This vignette details how to use the internal table search functions in the cansim package with a simple example using employment data for economic regions in British Columbia.

A note on caching and refreshing table lists

As the table search function requires a full scrape of Statistics Canada’s data repository webpages, generating this list can be quite slow so a saved list of tables is included with the package. As Statistics Canada adds additional tables and data products, the list that comes with the package will become out of date and will require refreshing. Tables can be refreshed by specifying refresh=TRUE when calling list_cansim_tables. The full list of tables can be cached locally to avoid delays and prevent unnecessary web scraping. This can (and should) be enabled by setting options(cache_path="your cache path") option so that table information is cached across R sessions.

Listing and filtering tables

Calling list_cansim_tables returns a data frame with useful metadata for available tables. There are 21 fields of metadata for each table including title, in English and French, keyword sets, notes, and table numbers.

The appropriate table can be found by subsetting or filtering on the properties we want to use to find the appropriate tables.

The search came up with two tables. In this example we are interested in the unemployment rate for 2015 onwards for the Lower Mainland, Vancouver Island, and Okanagan economic regions from the Labour Force Characteristics table. We use the tidyr package here to reshape data from a long format to a wider format.
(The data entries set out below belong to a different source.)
lemma log_ratio_eq:
  assumes "u \<in> V"
  shows "ln (y u) - ln (x u) = \<zeta> / real (max_degree V E) * (link_sum E y u - link_sum E x u)"
proof -
  have "ln (y u) = ln c - \<zeta> / real (max_degree V E) * link_sum E x u"
    using Fmap_apply[OF assms, of E c \<zeta> x] x_to_y c_pos by (simp add: ln_mult)
  moreover have "ln (x u) = ln c - \<zeta> / real (max_degree V E) * link_sum E y u"
    using Fmap_apply[OF assms, of E c \<zeta> y] y_to_x c_pos by (simp add: ln_mult)
  ultimately show ?thesis
    by (simp add: algebra_simps)
qed

lemma prod_link_ratio:
  assumes "e \<in> E" "u \<in> e"
  shows "(\<Prod>t\<in>e - {u}. y t) = (\<Prod>t\<in>e - {u}. x t) * exp (\<Sum>t\<in>e - {u}. ln (y t) - ln (x t))"
proof -
  have "(\<Prod>t\<in>e - {u}. y t) = (\<Prod>t\<in>e - {u}. x t * exp (ln (y t) - ln (x t)))"
  proof (rule prod.cong)
    fix t assume "t \<in> e - {u}"
    then have "t \<in> V"
      using edge_subset[OF assms(1)] by blast
    then show "y t = x t * exp (ln (y t) - ln (x t))"
      using two_cycle_pos[OF \<open>t \<in> V\<close>] by (simp add: exp_diff)
  qed simp
  also have "\<dots> = (\<Prod>t\<in>e - {u}. x t) * exp (\<Sum>t\<in>e - {u}. ln (y t) - ln (x t))"
    using finite_edge[OF assms(1)] by (simp add: prod.distrib exp_sum)
  finally show ?thesis .
qed

context
  fixes R :: real
  assumes log_ratio_le: "\<And>u. u \<in> V \<Longrightarrow> ln (y u) - ln (x u) \<le> R"
begin
lemma gsup_le_iff:
  assumes "\<Delta> \<noteq> \<one>" "g \<in> carrier G"
  shows "gsup G M \<Delta> g \<le> q \<longleftrightarrow> g \<preceq> \<Delta> [^] q"
proof -
  obtain r q' :: int where r: "\<Delta> [^] r \<preceq> g" and q': "g \<preceq> \<Delta> [^] q'"
    using assms(2) by (rule Delta_pow_bounds)
  show ?thesis
    unfolding gsup_def
  proof (rule Least_int_le_iff[where P = "\<lambda>q. g \<preceq> \<Delta> [^] q" and k = q' and N = r])
    show "g \<preceq> \<Delta> [^] q'"
      by (fact q')
    show "r \<le> q''" if "g \<preceq> \<Delta> [^] q''" for q''
      using assms prefix_le_trans[OF _ _ _ r that] by (simp add: Delta_pow_prefix_le_imp_le)
    show "g \<preceq> \<Delta> [^] q'''" if "g \<preceq> \<Delta> [^] q''" "q'' \<le> q'''" for q'' q''' :: int
      using assms(2) prefix_le_trans[OF _ _ _ that(1) Delta_pow_prefix_le[OF that(2)]] by simp
  qed
qed

lemma Delta_pow_prefix_Delta_pow_conj_iff:
  assumes "g \<in> carrier G"
  shows "\<Delta> [^] (r::int) \<preceq> inv (\<Delta> [^] (p::int)) \<otimes> g \<otimes> \<Delta> [^] p \<longleftrightarrow> \<Delta> [^] r \<preceq> g"
proof -
  have "inv (\<Delta> [^] r) \<otimes> (inv (\<Delta> [^] p) \<otimes> g \<otimes> \<Delta> [^] p) = inv (\<Delta> [^] p) \<otimes> (inv (\<Delta> [^] r) \<otimes> g) \<otimes> \<Delta> [^] p"
    using assms by (simp add: m_assoc[symmetric] int_pow_commute flip: int_pow_neg)
  with assms show ?thesis
    by (simp add: prefix_le_def Delta_pow_conj_M_iff)
qed
(* Let $\mathcal M=(E_{2n},\mathcal C)$ be a P-matroid, let $i\in[n]$, and let $\widehat{\mathcal M}$ be the lexicographic extension of $\mathcal M$ by $[-\cdot t_i]$. Let $O$ be the partial P-matroid USO defined by $\widehat{\mathcal M}$. Then: (a) for every $v$ with $v_i=1$ we have $O(v)_i=-$ and $O(v)_j=0$ for all $j\neq i$ (so the upper $i$-facet $\{v:v_i=1\}$ is a maximal unoriented subcube); (b) for every $w$ with $w_i=0$ we have $O(w)_i=+$ (so the upper $i$-facet is a hypersink, i.e., a hypervertex all of whose incident edges in dimension $i$ are incoming); (c) if $\mathcal M$ is uniform, then $O(w)_j\neq0$ for all $w$ with $w_i=0$ and all $j\in[n]$.
   Context: An oriented matroid $(E,\mathcal C)$ is given by circuits $X\in\{-,0,+\}^E$ with support $\underline X$; bases are inclusion-maximal subsets containing no circuit support; all bases have the same size (the rank); the oriented matroid is uniform if every subset of size equal to the rank is a basis. Cocircuits $\mathcal C^*$ are the circuits of the dual (inclusion-minimal nonzero signed sets orthogonal to all circuits). For a basis $B$, $e\notin B$: $C(B,e)$ is the unique circuit $X$ with $X_e=+$, $\underline X\subseteq B\cup\{e\}$; for $e\in B$: $C^*(B,e)$ is the unique cocircuit $D$ with $D_e=+$, $\underline D\cap(B\setminus\{e\})=\emptyset$. A localization for $\mathcal M$ is a function $\sigma:\mathcal C^*\to\{-,0,+\}$ specifying an extension $\widehat{\mathcal M}$ to $E\cup\{q\}$ such that for every cocircuit $Y$ of $\mathcal M$, $(Y,\sigma(Y))$ (sign $\sigma(Y)$ on $q$) is a cocircuit of $\widehat{\mathcal M}$. For $e\in E$ and $s\in\{-,0,+\}$, the function $\sigma(D)=s\cdot D_e$ if $D_e\neq0$, $\sigma(D)=0$ otherwise, is a localization; the extension it specifies is the lexicographic extension by $[s\cdot e]$. $S=\{s_1,\dots,s_n\}$, $T=\{t_1,\dots,t_n\}$, $E_{2n}=S\cup T$; a P-matroid is an oriented matroid on $E_{2n}$ in which $S$ is a basis and no circuit $X$ satisfies $X_{s_i}=-X_{t_i}$ for all $i$ with $\{s_i,t_i\}\subseteq\underline X$. For $v\in\{0,1\}^n$, $B(v)=\{s_j:v_j=0\}\cup\{t_j:v_j=1\}$. The partial P-matroid USO of $\widehat{\mathcal M}$ is $O:\{0,1\}^n\to\{-,0,+\}^n$ with, for $C=C(B(v),q)$ and $e=s_j$ if $v_j=0$, $e=t_j$ if $v_j=1$: $O(v)_j=+$ if $C_e=-$ (outgoing), $-$ if $C_e=+$ (incoming), $0$ if $C_e=0$ (unoriented). *)

theory Defs
  imports Main
begin

datatype sign = Neg | Zero | Pos

fun sneg :: "sign \<Rightarrow> sign" where
  "sneg Neg = Pos" | "sneg Zero = Zero" | "sneg Pos = Neg"

fun smult :: "sign \<Rightarrow> sign \<Rightarrow> sign" where
  "smult Zero _ = Zero" | "smult _ Zero = Zero"
| "smult Pos x = x" | "smult Neg x = sneg x"

type_synonym 'a signed = "'a \<Rightarrow> sign"

definition supp :: "'a signed \<Rightarrow> 'a set" where
  "supp X = {e. X e \<noteq> Zero}"

definition posp :: "'a signed \<Rightarrow> 'a set" where
  "posp X = {e. X e = Pos}"

definition negp :: "'a signed \<Rightarrow> 'a set" where
  "negp X = {e. X e = Neg}"

definition zero_signed :: "'a signed" where
  "zero_signed = (\<lambda>_. Zero)"
lemma log_share_nonpos: "e \<in> set es \<Longrightarrow> 0 \<le> t \<Longrightarrow> L e * ln (L e * D e t / net_volume t) \<le> 0"
proof -
  assume "e \<in> set es" "0 \<le> t"
  then have "0 < L e" "0 < L e * D e t" "L e * D e t \<le> net_volume t"
    using es_in_E len_pos D_pos edge_volume_le by auto
  then have "ln (L e * D e t / net_volume t) \<le> 0" using net_volume_pos[OF \<open>0 \<le> t\<close>] by simp
  then show ?thesis using \<open>0 < L e\<close> by (simp add: mult_nonneg_nonpos)
qed

lemma lyap_le: "0 \<le> t \<Longrightarrow> lyap t \<le> - log_len_sum"
proof -
  assume t: "0 \<le> t"
  have "(\<Sum>e\<leftarrow>es. L e * ln (L e * D e t / net_volume t)) \<le> 0"
    by (rule sum_list_nonpos) (use log_share_nonpos t in auto)
  then show ?thesis using lyap_eq_shares[OF t] by linarith
qed

text \<open>Since lyap never decreases, the volume share of each edge of the reference path stays
  bounded away from zero.\<close>
definition share_bound :: "'e \<Rightarrow> real" where
  "share_bound e = exp ((lyap 0 + log_len_sum) / L e)"

lemma share_bound_pos: "0 < share_bound e"
  unfolding share_bound_def by simp

lemma share_lower: "e \<in> set es \<Longrightarrow> 0 \<le> t \<Longrightarrow> share_bound e * net_volume t \<le> L e * D e t"
proof -
  assume e: "e \<in> set es" and t: "0 \<le> t"
  have pos: "0 < L e" "0 < D e t" using es_in_E[OF e] len_pos D_pos[OF _ t] by auto
  have "lyap 0 + log_len_sum \<le> lyap t + log_len_sum" using lyap_mono[OF order_refl t] by simp
  also have "\<dots> \<le> L e * ln (L e * D e t / net_volume t)"
    unfolding lyap_eq_shares[OF t] by (rule sum_list_le_member[OF _ e]) (use log_share_nonpos t in auto)
  finally have "share_bound e \<le> exp (ln (L e * D e t / net_volume t))"
    unfolding share_bound_def using pos by (simp add: divide_le_eq mult.commute)
  then show ?thesis using pos net_volume_pos[OF t] by (simp add: field_simps)
qed

end

context physarum_cut
begin

text \<open>A uniform bound on the transport cost, obtained from the lower bounds on the
  diameters of the reference path.\<close>
definition cost_bound :: real where
  "cost_bound = (\<Sum>e\<leftarrow>es. L e / sqrt (share_bound e))"

lemma cost_bound_nonneg: "0 \<le> cost_bound"
  unfolding cost_bound_def using es_in_E len_pos share_bound_pos
  by (intro sum_list_nonneg) (auto intro: less_imp_le)
text \<open>The three sectors are the cones over the pieces K3 T3, T3 T2 (the arc) and T2 K2 of the contour.\<close>
lemma outside_quadrant_cases:
  assumes "min (fst x) (snd x) < 0"
  obtains "det2 (0, u3) x \<ge> 0" "det2 x tp3 \<ge> 0"
    | "det2 tp3 x \<ge> 0" "det2 x tp2 \<ge> 0"
    | "det2 tp2 x \<ge> 0" "det2 x (u2, 0) \<ge> 0"
proof (cases "fst x \<le> 0")
  case True
  then have K3: "det2 (0, u3) x \<ge> 0"
    using u3_pos by (simp add: det2_def mult_nonneg_nonpos)
  consider "det2 x tp3 \<ge> 0" | "det2 tp3 x > 0" "det2 x tp2 \<ge> 0" | "det2 tp2 x > 0"
    using det2_swap[of x tp3] det2_swap[of x tp2] by linarith
  then show ?thesis
  proof cases
    case 3
    have "fst tp2 * snd x > snd tp2 * fst x"
      using 3 by (simp add: det2_def)
    moreover have "snd tp2 * fst x \<ge> 0"
      using True tp2_neg by (simp add: mult_nonpos_nonpos)
    ultimately have "snd x < 0"
      using tp2_neg by (smt (verit) mult_nonneg_nonneg mult_nonpos_nonneg)
    then show ?thesis
      using 3 u2_pos that(3) by (simp add: det2_def mult_nonpos_nonneg)
  qed (use K3 that in auto)
next
  case False
  with assms have "snd x < 0"
    by auto
  moreover have "snd tp2 * fst x < 0" "fst tp2 * snd x > 0"
    using False tp2_neg \<open>snd x < 0\<close> by (simp_all add: mult_neg_pos mult_neg_neg)
  ultimately show ?thesis
    using u2_pos by (intro that(3)) (auto simp: det2_def mult_neg_pos less_imp_le)
qed

lemma ray_meets_contour:
  assumes "min (fst x) (snd x) < 0"
  shows "\<exists>s>0. x /\<^sub>R s \<in> contour_L a b D"
proof -
  have "x \<noteq> 0"
    using assms by auto
  from assms show ?thesis
  proof (cases rule: outside_quadrant_cases)
    case 1
    then show ?thesis
      using ray_meets_closed_segment[OF det2_K3_tp3_pos _ _ \<open>x \<noteq> 0\<close>]
      unfolding contour_L_eq by (auto simp: closed_segment_commute)
  next
    case 2
    then have "x /\<^sub>R sqrt (ell a b x) \<in> contour_L a b D"
      using ell_normalize_in_cone_arc[OF \<open>x \<noteq> 0\<close>] unfolding contour_L_eq ell_normalize_def by blast
    moreover have "sqrt (ell a b x) > 0"
      using ell_pos[OF \<open>x \<noteq> 0\<close>] by simp
    ultimately show ?thesis
      by blast
  next
    case 3
    then show ?thesis
      using ray_meets_closed_segment[OF det2_tp2_K2_pos _ _ \<open>x \<noteq> 0\<close>]
      unfolding contour_L_eq by (auto simp: closed_segment_commute)
  qed
qed
(* Let $\xi\in\mathbb{R}\setminus\mathbb{Q}$, let $n\ge1$ be an integer, and let $q$ be the denominator of a convergent of the continued fraction expansion of $\xi$. Put $c_5 = (n+1)2^{n+1}$. Then there exist an irreducible polynomial $P \in \mathbb{Z}[T]$ of degree $n$ and an irreducible monic polynomial $Q \in \mathbb{Z}[T]$ of degree $n+1$ such that \[ c_5 q^{2k-n} \le |P^{[k]}(\xi)| \le 3c_5 q^{2k-n} \quad\text{and}\quad c_5 q^{2k-n} \le |Q^{[k]}(\xi)| \le 3c_5 q^{2k-n} \qquad (0\le k\le n). \]
   Context: For $P \in \mathbb{R}[T]$ and $k\ge0$, $P^{[k]}(\xi) = P^{(k)}(\xi)/k!$ denotes the $k$-th divided derivative of $P$ at $\xi$ (the coefficient of $(T-\xi)^k$ in the Taylor expansion of $P$ at $\xi$). *)

theory Defs
  imports "HOL-Analysis.Analysis" "HOL-Computational_Algebra.Polynomial"
begin

fun cf_rem :: "real \<Rightarrow> nat \<Rightarrow> real" where
  "cf_rem x 0 = x"
| "cf_rem x (Suc k) = 1 / (cf_rem x k - of_int \<lfloor>cf_rem x k\<rfloor>)"

definition cf_quot :: "real \<Rightarrow> nat \<Rightarrow> int" where
  "cf_quot x k = \<lfloor>cf_rem x k\<rfloor>"

fun cf_den :: "real \<Rightarrow> nat \<Rightarrow> int" where
  "cf_den x 0 = 1"
| "cf_den x (Suc 0) = cf_quot x 1"
| "cf_den x (Suc (Suc k)) = cf_quot x (Suc (Suc k)) * cf_den x (Suc k) + cf_den x k"

definition div_deriv :: "int poly \<Rightarrow> nat \<Rightarrow> real \<Rightarrow> real" where
  "div_deriv P k \<xi> = poly ((pderiv ^^ k) (map_poly real_of_int P)) \<xi> / fact k"

end

theory Submission
  imports Defs
begin

text \<open>
  Let p'/q' and p/q be consecutive convergents.  Since q p' - p q' = \<plusminus>1, the
  polynomials B_i = (qT - p)^i (q'T - p')^(n-i), 0 \<le> i \<le> n, form a Z-basis of the integer
  polynomials of degree \<le> n, and |B_i^[k](\<xi>)| \<le> binom(n,k) q^(2k-n).  Writing the real target
  \<Sum> 2 c5 s_k q^(2k-n) (T - \<xi>)^k (signs s_k = \<plusminus>1) in this basis and moving each coordinate by
  at most 4 to an integer changes the k-th divided derivative by at most c5 q^(2k-n), which gives
  the bounds.  The freedom in the rounding is used for irreducibility: coordinates are chosen
  congruent modulo 4 to those of T^n + 2 (resp. 2), so that Eisenstein's criterion at 2 applies;
  primitivity of P comes from a counting argument over 2^n candidates (n \<ge> 2) or from a prime
  constant coordinate (n = 1), while Q is monic.
\<close>

section \<open>Taylor coefficients of real polynomials\<close>

definition taylor_coeff :: "real poly \<Rightarrow> nat \<Rightarrow> real \<Rightarrow> real" where
  "taylor_coeff R k x = poly ((pderiv ^^ k) R) x / fact k"

lemma div_deriv_taylor_coeff: "div_deriv P k x = taylor_coeff (map_poly of_int P) k x"
  by (simp add: div_deriv_def taylor_coeff_def)

lemma taylor_coeff_add: "taylor_coeff (A + B) k x = taylor_coeff A k x + taylor_coeff B k x"
  by (simp add: taylor_coeff_def higher_pderiv_add add_divide_distrib)

lemma taylor_coeff_diff: "taylor_coeff (A - B) k x = taylor_coeff A k x - taylor_coeff B k x"
  using taylor_coeff_add[of "A - B" B k x] by simp

lemma taylor_coeff_smult: "taylor_coeff (smult c A) k x = c * taylor_coeff A k x"
  by (simp add: taylor_coeff_def higher_pderiv_smult)

lemma taylor_coeff_sum: "taylor_coeff (\<Sum>i\<in>I. f i) k x = (\<Sum>i\<in>I. taylor_coeff (f i) k x)"
  by (simp add: taylor_coeff_def higher_pderiv_sum poly_sum sum_divide_distrib)

lemma degree_eq_if_taylor_coeff_nonzero:
  assumes "degree R \<le> n" and "taylor_coeff R n x \<noteq> 0"
  shows "degree R = n"
proof (rule ccontr)
  assume "degree R \<noteq> n"
  with assms(1) have "(pderiv ^^ n) R = 0"
    by (intro poly_eqI) (simp add: coeff_higher_pderiv coeff_eq_0)
  with assms(2) show False by (simp add: taylor_coeff_def)
qed

lemma higher_pderiv_mult_linear:
  fixes F L :: "real poly"
  assumes L: "pderiv L = [:c:]"
  shows "(pderiv ^^ Suc k) (F * L) =
     (pderiv ^^ Suc k) F * L + smult (of_nat (Suc k) * c) ((pderiv ^^ k) F)"
proof (induction k)
  case 0
  show ?case by (simp add: pderiv_mult L algebra_simps)
next
  case (Suc k)
  have "(pderiv ^^ Suc (Suc k)) (F * L) = pderiv ((pderiv ^^ Suc k) (F * L))"
    by simp
  also have "\<dots> = pderiv ((pderiv ^^ Suc k) F * L) + smult (of_nat (Suc k) * c) ((pderiv ^^ Suc k) F)"
    by (simp only: Suc pderiv_add pderiv_smult) simp
  also have "pderiv ((pderiv ^^ Suc k) F * L) = (pderiv ^^ Suc k) F * [:c:] + L * pderiv ((pderiv ^^ Suc k) F)"
    by (simp only: pderiv_mult L)
  also have "(pderiv ^^ Suc k) F * [:c:] = smult c ((pderiv ^^ Suc k) F)"
    by (simp add: mult.commute)
  also have "smult (of_nat (Suc (Suc k)) * c) ((pderiv ^^ Suc k) F) =
     smult (of_nat (Suc k) * c) ((pderiv ^^ Suc k) F) + smult c ((pderiv ^^ Suc k) F)"
    by (simp add: smult_add_left[symmetric] algebra_simps)
  ultimately show ?case by (simp add: algebra_simps)
qed

lemma taylor_coeff_mult_linear:
  "taylor_coeff (F * [:c0, c1:]) k x =
     taylor_coeff F k x * (c0 + c1 * x) + (if k = 0 then 0 else c1 * taylor_coeff F (k - 1) x)"
proof (cases k)
  case 0
  then show ?thesis by (simp add: taylor_coeff_def algebra_simps)
next
  case (Suc j)
  have "(pderiv ^^ Suc j) (F * [:c0, c1:]) =
      (pderiv ^^ Suc j) F * [:c0, c1:] + smult (of_nat (Suc j) * c1) ((pderiv ^^ j) F)"
    by (rule higher_pderiv_mult_linear) (simp add: pderiv_pCons)
  then have "taylor_coeff (F * [:c0, c1:]) (Suc j) x = (poly ((pderiv ^^ Suc j) F) x * (c0 + c1 * x)
      + of_nat (Suc j) * c1 * poly ((pderiv ^^ j) F) x) / (of_nat (Suc j) * fact j)"
    by (simp add: taylor_coeff_def algebra_simps)
  also have "\<dots> = taylor_coeff F (Suc j) x * (c0 + c1 * x) + c1 * taylor_coeff F j x"
    by (simp add: taylor_coeff_def add_divide_distrib)
  finally show ?thesis using Suc by simp
qed

lemma taylor_coeff_linear_power: "taylor_coeff ([:-x, 1:] ^ j) k x = (if k = j then 1 else 0)"
proof (induction j arbitrary: k)
  case 0
  show ?case by (cases k) (simp_all add: taylor_coeff_def funpow_Suc_right del: funpow.simps)
next
  case (Suc j)
  have "[:-x, 1:] ^ Suc j = [:-x, 1:] ^ j * [:-x, 1:]" by (simp add: mult.commute)
  then show ?case by (simp only: taylor_coeff_mult_linear Suc.IH) auto
qed

text \<open>F is binomially bounded
  at x (with parameters m, \<alpha>, \<beta>) if |F^[k](x)| \<le> binom(m,k) \<beta>^k \<alpha>^(m-k) for all k; this holds
  for a product of m linear factors L with |L(x)| \<le> \<alpha> and leading coefficient of size \<le> \<beta>,
  since each such factor raises m by one.\<close>
definition binomial_bounded :: "real poly \<Rightarrow> real \<Rightarrow> nat \<Rightarrow> real \<Rightarrow> real \<Rightarrow> bool" where
  "binomial_bounded F x m \<alpha> \<beta> \<longleftrightarrow>
     (\<forall>k. \<bar>taylor_coeff F k x\<bar> \<le> real (m choose k) * \<beta> ^ k * \<alpha> ^ (m - k))"

lemma binomial_bounded_1: "binomial_bounded 1 x 0 \<alpha> \<beta>"
  unfolding binomial_bounded_def
proof
  fix k
  have "taylor_coeff 1 k x = (if k = 0 then 1 else 0)"
    using taylor_coeff_linear_power[of x 0 k] by simp
  then show "\<bar>taylor_coeff 1 k x\<bar> \<le> real (0 choose k) * \<beta> ^ k * \<alpha> ^ (0 - k)"
    by (cases k) simp_all
qed

lemma binomial_bounded_mult_linear:
  assumes F: "binomial_bounded F x m \<alpha> \<beta>"
    and L0: "\<bar>c0 + c1 * x\<bar> \<le> \<alpha>" and L1: "\<bar>c1\<bar> \<le> \<beta>" and "0 \<le> \<alpha>" "0 \<le> \<beta>"
  shows "binomial_bounded (F * [:c0, c1:]) x (Suc m) \<alpha> \<beta>"
  unfolding binomial_bounded_def
proof
  fix k
  have Fk: "\<bar>taylor_coeff F k x\<bar> \<le> real (m choose k) * \<beta> ^ k * \<alpha> ^ (m - k)" for k
    using F by (simp add: binomial_bounded_def)
  show "\<bar>taylor_coeff (F * [:c0, c1:]) k x\<bar> \<le> real (Suc m choose k) * \<beta> ^ k * \<alpha> ^ (Suc m - k)"
  proof (cases k)
    case 0
    have "\<bar>taylor_coeff F 0 x * (c0 + c1 * x)\<bar> \<le> \<alpha> ^ m * \<alpha>"
      unfolding abs_mult using Fk[of 0] L0 \<open>0 \<le> \<alpha>\<close> by (intro mult_mono) auto
    then show ?thesis using 0 by (simp only: taylor_coeff_mult_linear) (simp add: mult.commute)
  next
    case (Suc j)
    text \<open>The term coming from F^[k], which vanishes when k > m.\<close>
    have top: "\<bar>taylor_coeff F k x * (c0 + c1 * x)\<bar> \<le> real (m choose k) * \<beta> ^ k * \<alpha> ^ (m - j)"
    proof (cases "k \<le> m")
      case True
      then have "\<alpha> ^ (m - k) * \<alpha> = \<alpha> ^ (m - j)"
        using Suc by (metis Suc_diff_Suc Suc_le_lessD power_Suc2)
      moreover have "\<bar>taylor_coeff F k x * (c0 + c1 * x)\<bar> \<le> (real (m choose k) * \<beta> ^ k * \<alpha> ^ (m - k)) * \<alpha>"
        unfolding abs_mult using Fk[of k] L0 assms(4,5) by (intro mult_mono) auto
      ultimately show ?thesis by (simp add: mult.assoc)
    next
      case False
      then have "m choose k = 0" by simp
      then show ?thesis using Fk[of k] by (simp del: binomial_eq_0_iff)
    qed
    have low: "\<bar>c1 * taylor_coeff F j x\<bar> \<le> \<beta> * (real (m choose j) * \<beta> ^ j * \<alpha> ^ (m - j))"
      unfolding abs_mult using Fk[of j] L1 assms(5) by (intro mult_mono) auto
    have "\<bar>taylor_coeff (F * [:c0, c1:]) k x\<bar>
        \<le> \<bar>taylor_coeff F k x * (c0 + c1 * x)\<bar> + \<bar>c1 * taylor_coeff F j x\<bar>"
      using Suc by (simp only: taylor_coeff_mult_linear) (simp add: abs_triangle_ineq)
    also have "\<dots> \<le> (real (m choose k) + real (m choose j)) * \<beta> ^ k * \<alpha> ^ (m - j)"
      using top low Suc by (simp add: algebra_simps)
    also have "\<dots> = real (Suc m choose k) * \<beta> ^ k * \<alpha> ^ (Suc m - k)"
      using Suc by simp
    finally show ?thesis .
  qed
qed

lemma binomial_bounded_mult_linear_power:
  assumes "binomial_bounded F x m \<alpha> \<beta>"
    and "\<bar>c0 + c1 * x\<bar> \<le> \<alpha>" "\<bar>c1\<bar> \<le> \<beta>" "0 \<le> \<alpha>" "0 \<le> \<beta>"
  shows "binomial_bounded (F * [:c0, c1:] ^ j) x (m + j) \<alpha> \<beta>"
proof (induction j)
  case 0
  then show ?case using assms(1) by simp
next
  case (Suc j)
  have "F * [:c0, c1:] ^ Suc j = (F * [:c0, c1:] ^ j) * [:c0, c1:]"
    by (simp add: algebra_simps)
  then show ?case
    using binomial_bounded_mult_linear[OF Suc.IH assms(2-5)] by simp
qed


section \<open>Convergents of a continued fraction\<close>

text \<open>Numerators and denominators of the convergents, shifted by one index so that the
  recursion starts from p_(-1) = 1, q_(-1) = 0: conv_num x (Suc k) = p_k and
  conv_den x (Suc k) = q_k.\<close>
fun conv_num :: "real \<Rightarrow> nat \<Rightarrow> int" where
  "conv_num x 0 = 1"
| "conv_num x (Suc 0) = cf_quot x 0"
| "conv_num x (Suc (Suc k)) = cf_quot x (Suc k) * conv_num x (Suc k) + conv_num x k"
We can visualize then results with ggplot2.

library(ggplot2)
ggplot(data, aes(x=Date, group = GEO,y=Estimate)) +
  geom_ribbon(aes(ymin=Estimate - `Standard error of estimate`,
                  ymax=Estimate + `Standard error of estimate`, fill=""),
              alpha=0.8) +
  geom_line(aes(color=GEO)) +
  scale_y_continuous(labels=scales::percent) +
  scale_fill_manual(name = "", values="grey80", label="Standard error") +
  theme_bw() + 
  labs(title = "Comparison of unemployment rate by economic region",
       y = "Unemployment Rate", 
       x = "",
       color = "",
       caption=paste0("CANSIM ", selected_table))